Seit Jänner müssen in Frankreich bestimmte Produkte mit einem Reparierbarkeitsindex gekennzeichnet sein. Welche Infos er für Konsument*innen bereitstellt, wo die Grenzen des Index sind und was dies für weitere europäische Länder bedeutet, wurde in einem Webinar von Right to Repair analysiert.
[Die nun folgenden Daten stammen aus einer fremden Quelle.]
lemma norm_sq_tilings:
  "norm_sq lam (tilings L) = (mu_plus lam ^ (L + 1) - mu_minus lam ^ (L + 1)) / (mu_plus lam - mu_minus lam)"
proof -
  have "norm_sq lam (tilings L) = dimer_sum ((cmod lam)\<^sup>2) (tilings L)"
    using inj_on_content_jtilings[of 3 L] by (simp add: norm_sq_eq_dimer_sum finite_tilings jtilings_3)
  also have "\<dots> = (mu_plus lam ^ (L + 1) - mu_minus lam ^ (L + 1)) / (mu_plus lam - mu_minus lam)"
  proof (rule linear_recurrence_closed_form)
    show "mu_plus lam \<noteq> mu_minus lam"
      using abs_mu_minus_less_mu_plus[of lam] by auto
    show "dimer_sum ((cmod lam)\<^sup>2) (tilings 0) = 1"
      by (simp add: tilings_0 dimer_sum_def)
    show "dimer_sum ((cmod lam)\<^sup>2) (tilings 1) = mu_plus lam + mu_minus lam"
      by (simp add: One_nat_def tilings_1 dimer_sum_def num_dimers_def mu_plus_add_mu_minus)
    show "dimer_sum ((cmod lam)\<^sup>2) (tilings (Suc (Suc n)))
        = (mu_plus lam + mu_minus lam) * dimer_sum ((cmod lam)\<^sup>2) (tilings (Suc n))
          - mu_plus lam * mu_minus lam * dimer_sum ((cmod lam)\<^sup>2) (tilings n)" for n
      by (simp add: dimer_sum_tilings_Suc_Suc mu_plus_add_mu_minus mu_plus_mult_mu_minus)
  qed
  finally show ?thesis .
qed

lemma binet_ratio:
  fixes p m :: "'a::field"
  assumes "p \<noteq> 0" "m ^ (n + 1) \<noteq> p ^ (n + 1)"
  shows "((p ^ n - m ^ n) / (p - m)) / ((p ^ (n + 1) - m ^ (n + 1)) / (p - m))
       = (1 / p) * ((1 - (m / p) ^ n) / (1 - (m / p) ^ (n + 1)))"
proof -
  obtain a b where ab: "p ^ n = a" "m ^ n = b"
    by simp
  have "p \<noteq> m" "a \<noteq> 0" "p * a - m * b \<noteq> 0"
    using assms ab by auto
  then have "((p ^ n - m ^ n) / (p - m)) / ((p ^ (n + 1) - m ^ (n + 1)) / (p - m))
      = (a - b) / (p * a - m * b)"
    by (simp add: ab)
  also have "\<dots> = (1 / p) * ((1 - (m / p) ^ n) / (1 - (m / p) ^ (n + 1)))"
    using assms(1) \<open>a \<noteq> 0\<close> \<open>p * a - m * b \<noteq> 0\<close> by (simp add: ab power_divide field_simps)
  finally show ?thesis .
qed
Bis 2040 wird laut Schätzungen die Produktion und die Nutzung von elektronischen Geräten für 14% der Klimaemissionen verantwortlich sein. Wirksame Maßnahmen sind gefragt, um diesen Wert möglichst nicht zu erreichen. Ein wichtiger Teil betrifft Konsument*inneninformation, und in Frankreich gibt es diesbezüglich erfreuliche Entwicklungen: Mit 1. Jänner 2021 wurde ein Index eingeführt, der die Reparierbarkeit für Produkte angibt. Der French Repairability Index wurde Ende Jänner bei einem Right to Repair Webinar diskutiert – mit Jean-Paul Ventere (frz. Umweltministerium), Laetitia Vasseur (HOP) und Ernestas Oldyrevas (ECOS). Das Webinar kann hier online angesehen werden.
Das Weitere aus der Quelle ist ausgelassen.